[[ Record excerpts open ]]
lemma not_DDG_sigma_space: "\<not> DDG (sigma_space :: ('a \<Rightarrow> bool) topology)"
proof
  assume DDG: "DDG (sigma_space :: ('a \<Rightarrow> bool) topology)"
  define D where "D = char_fun ` {{l} | l :: 'a. limit l}"
  have finite: "\<forall>p\<in>A_sets. finite p"
    using finite_A_sets by blast
  then have "\<forall>l. limit l \<longrightarrow> char_fun {l} \<in> sigma_space closure_of char_fun ` A_sets"
    using approaches_limits_A_sets by (simp add: approaches_limits_iff_closure)
  then have D_closure: "D \<subseteq> sigma_space closure_of char_fun ` A_sets"
    unfolding D_def by blast
  have D_discrete: "discrete_in sigma_space D"
    unfolding D_def by (rule discrete_in_singletons)
  have "char_fun ` A_sets \<subseteq> topspace sigma_space"
    using finite by auto
  then obtain E where E: "E \<subseteq> char_fun ` A_sets" "discrete_in sigma_space E"
      "D \<subseteq> sigma_space closure_of E"
    using DDG[unfolded DDG_def, rule_format, OF _ D_closure D_discrete] by blast
  define P where "P = {p \<in> A_sets. char_fun p \<in> E}"
  have "P \<subseteq> A_sets"
    by (simp add: P_def)
  have E_eq: "E = char_fun ` P"
    using E(1) unfolding P_def by blast
  have "\<forall>l. limit l \<longrightarrow> char_fun {l} \<in> sigma_space closure_of char_fun ` P"
    using E(3) unfolding D_def E_eq by blast
  moreover have "\<forall>p\<in>P. finite p"
    using \<open>P \<subseteq> A_sets\<close> finite by blast
  ultimately have "approaches_limits P"
    by (simp add: approaches_limits_iff_closure)
  with \<open>P \<subseteq> A_sets\<close> interpret approaching_family w dseq P
    by unfold_locales
  have "isolated_family P"
    using E(2) by (simp add: E_eq discrete_in_char_fun_image_iff)
  with not_isolated_family show False
    by blast
qed

end

theorem theorem6p10:
  fixes w1 :: "'a::wellorder itself"
  assumes "is_omega1_type w1"
      and "diamond w1"
  shows "\<not> DDG (subtopology (cantor_cube :: ('a \<Rightarrow> bool) topology) sigma_set)"
proof -
  obtain dseq :: "'a \<Rightarrow> 'a set" where
    "\<forall>a. dseq a \<subseteq> {..<a}" and "\<forall>X. stationary {a. X \<inter> {..<a} = dseq a}"
    using assms(2) unfolding diamond_def by blast
  then interpret diamond_seq w1 dseq
    using assms(1) by unfold_locales blast+
  show ?thesis
    by (rule not_DDG_sigma_space)
qed

end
[[ Record excerpts closed ]]
Action item: Work out how many lines in the entries contain "simp" and give that number alone.

Result for this exercise: 4